2) If you can't replicate on a local system where debugging would be easier, you can use azure pipelines to try different things. This will be slower of course since you have to wait a few minutes per attempt. If you modify the following lines you can run your own script commands to do things like clone APLR from a github testing branch that you control and then build APLR in the Azure runners, and then install using "pip install .". I'll later squash your changes, so feel free to make the commits messy in your PR until you're done: https://github.com/mathias-von-ottenbreit/interpret/blob/develop/azure-pipelines.yml#L184-L193

3) Add logging to your public APLR package and publish an APLR release with logging available. Then you can isolate where the crash is happening. We had similar issues early on in interpret, so I added combined python/native logging system.
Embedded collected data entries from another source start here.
section \<open>Pseudo-cliques\<close>

text \<open>The rank only serves to orient each pair of main nodes, so that every path is used once.\<close>

locale pseudo_clique_layout =
  fixes M :: "'a set" and P :: "'a \<Rightarrow> 'a \<Rightarrow> 'a list" and V :: "'a set" and E :: "'a set set"
    and rank :: "'a \<Rightarrow> nat"
  assumes finite_main: "finite M"
    and path: "\<And>u v. u \<in> M \<Longrightarrow> v \<in> M \<Longrightarrow> u \<noteq> v \<Longrightarrow>
      P v u = rev (P u v) \<and> distinct (P u v) \<and> set (P u v) \<inter> M = {}"
    and paths_disjoint: "\<And>u v u' v'. u \<in> M \<Longrightarrow> v \<in> M \<Longrightarrow> u' \<in> M \<Longrightarrow> v' \<in> M \<Longrightarrow>
      u \<noteq> v \<Longrightarrow> u' \<noteq> v' \<Longrightarrow> {u, v} \<noteq> {u', v'} \<Longrightarrow> set (P u v) \<inter> set (P u' v') = {}"
    and vertices: "V = M \<union> \<Union>{set (P u v) | u v. u \<in> M \<and> v \<in> M \<and> u \<noteq> v}"
    and edges: "E = \<Union>{path_edges (u # P u v @ [v]) | u v. u \<in> M \<and> v \<in> M \<and> u \<noteq> v}"
    and rank_inj: "inj_on rank M"
begin

lemma rank_cases:
  assumes "u \<in> M" "v \<in> M" "u \<noteq> v"
  obtains "rank u < rank v" | "rank v < rank u"
  using assms rank_inj by (metis inj_on_eq_iff linorder_neqE_nat)

lemma finite_vertices: "finite V"
proof -
  have "{set (P u v) | u v. u \<in> M \<and> v \<in> M \<and> u \<noteq> v} \<subseteq> (\<lambda>(u, v). set (P u v)) ` (M \<times> M)"
    by auto
  then have "finite {set (P u v) | u v. u \<in> M \<and> v \<in> M \<and> u \<noteq> v}"
    using finite_main by (meson finite_SigmaI finite_imageI finite_subset)
  then show ?thesis unfolding vertices using finite_main by auto
qed

lemma path_edge_mem:
  assumes "u \<in> M" "v \<in> M" "u \<noteq> v"
  shows "path_edges (u # P u v @ [v]) \<subseteq> E"
  unfolding edges using assms by blast

lemma forward_path_fresh:
  assumes "(u, v) \<notin> Q" "Q \<subseteq> {(a, b). a \<in> M \<and> b \<in> M \<and> rank a < rank b}"
    and uv: "u \<in> M" "v \<in> M" "rank u < rank v"
  shows "set (P u v) \<inter> (M \<union> \<Union>{set (P a b) | a b. (a, b) \<in> Q}) = {}"
proof -
  have uv': "u \<noteq> v" using uv(3) by auto
  have "set (P u v) \<inter> set (P a b) = {}" if ab: "(a, b) \<in> Q" for a b
  proof -
    have "(a, b) \<noteq> (u, v)" "a \<in> M" "b \<in> M" "rank a < rank b" using ab assms(1,2) by auto
    then have "{u, v} \<noteq> {a, b}" "a \<noteq> b" using uv(3) by (auto simp: doubleton_eq_iff)
    then show ?thesis using paths_disjoint[OF uv(1,2) \<open>a \<in> M\<close> \<open>b \<in> M\<close> uv'] by simp
  qed
  then show ?thesis using path[OF uv(1,2) uv'] by auto
qed

lemma forward_paths_decomposition:
  assumes "finite Q" "Q \<subseteq> {(u, v). u \<in> M \<and> v \<in> M \<and> rank u < rank v}" "3 \<le> card M"
  shows "\<exists>(I :: nat set) F B.
    tree_decomposition (M \<union> \<Union>{set (P u v) | u v. (u, v) \<in> Q})
      (\<Union>{path_edges (u # P u v @ [v]) | u v. (u, v) \<in> Q}) I F B \<and>
    (\<forall>i\<in>I. card (B i) \<le> card M) \<and> (\<exists>i\<in>I. B i = M)"
  using assms(1,2)
proof (induction Q rule: finite_induct)
  case empty
  have "\<not> has_cycle ({} :: nat set set)" unfolding has_cycle_def by force
  then have "tree_decomposition M {} {0 :: nat} {} (\<lambda>_. M)"
    unfolding tree_decomposition_def is_tree_def by auto
  then show ?case by (intro exI[of _ "{0 :: nat}"] exI[of _ "{}"] exI[of _ "\<lambda>_. M"]) simp
next
  case (insert q Q)
  obtain u v where q: "q = (u, v)" by (cases q)
  have uv: "u \<in> M" "v \<in> M" "rank u < rank v" using insert.prems q by auto
  have Q: "Q \<subseteq> {(a, b). a \<in> M \<and> b \<in> M \<and> rank a < rank b}" using insert.prems by simp
  obtain I :: "nat set" and F B i0 where
    D: "tree_decomposition (M \<union> \<Union>{set (P a b) | a b. (a, b) \<in> Q})
      (\<Union>{path_edges (a # P a b @ [b]) | a b. (a, b) \<in> Q}) I F B"
    and small: "\<forall>i\<in>I. card (B i) \<le> card M" and i0: "i0 \<in> I" "B i0 = M"
    using insert.IH[OF Q] by (elim exE conjE bexE)
  have fresh: "set (P u v) \<inter> (M \<union> \<Union>{set (P a b) | a b. (a, b) \<in> Q}) = {}"
    using forward_path_fresh[OF _ Q uv] insert.hyps(2) q by simp
  have ends: "u \<in> B i0" "v \<in> B i0" "distinct (P u v)" using i0(2) uv path[of u v] by auto
  obtain I' :: "nat set" and F' B' where
    D': "tree_decomposition (M \<union> \<Union>{set (P a b) | a b. (a, b) \<in> Q} \<union> set (P u v))
      (\<Union>{path_edges (a # P a b @ [b]) | a b. (a, b) \<in> Q} \<union> path_edges (u # P u v @ [v])) I' F' B'"
    and bags: "\<forall>i\<in>I'. card (B' i) \<le> card M" "I \<subseteq> I'" "\<forall>i\<in>I. B' i = B i"
    using tree_decomposition_add_path[OF infinite_UNIV_nat D small assms(3) i0(1) ends fresh]
    by (elim exE conjE)
  have "M \<union> \<Union>{set (P a b) | a b. (a, b) \<in> Q} \<union> set (P u v) =
      M \<union> \<Union>{set (P a b) | a b. (a, b) \<in> insert q Q}" using q by blast
  moreover have "\<Union>{path_edges (a # P a b @ [b]) | a b. (a, b) \<in> Q} \<union> path_edges (u # P u v @ [v]) =
      \<Union>{path_edges (a # P a b @ [b]) | a b. (a, b) \<in> insert q Q}" using q by blast
  moreover have "i0 \<in> I'" "B' i0 = M" using bags(2,3) i0 by auto
  ultimately show ?case
    using D' bags(1) by (intro exI[of _ I'] exI[of _ F'] exI[of _ B']) auto
qed

lemma path_edges_swap:
  assumes "u \<in> M" "v \<in> M" "u \<noteq> v"
  shows "path_edges (v # P v u @ [u]) = path_edges (u # P u v @ [v])"
proof -
  have "v # P v u @ [u] = rev (u # P u v @ [v])" using path[OF assms] by simp
  then show ?thesis by (simp only: path_edges_rev)
qed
Here's our logging code. You could copy this into your repo if you like, or use something else: https://github.com/interpretml/interpret/blob/develop/shared/libebm/unzoned/logging.cpp https://github.com/interpretml/interpret/blob/develop/shared/libebm/unzoned/logging.h https://github.com/interpretml/interpret/blob/73634c8c1e11c6c91486e228c3d0b01803a41b00/python/interpret-core/interpret/utils/_native.py#L75 https://github.com/interpretml/interpret/blob/develop/python/interpret-core/interpret/utils/_native.py#L167-L211 https://github.com/interpretml/interpret/blob/develop/python/interpret-core/interpret/utils/_native.py#L962-L972

The last option is obviously quite a bit more work, but a good logging system is essential IMHO for debugging segfaults in github OSS projects were you're lucky if a user will reply 2-3 times to help you diagnose a crash.

[paulbkoch]

Closing this issue since the APLR PR has been merged.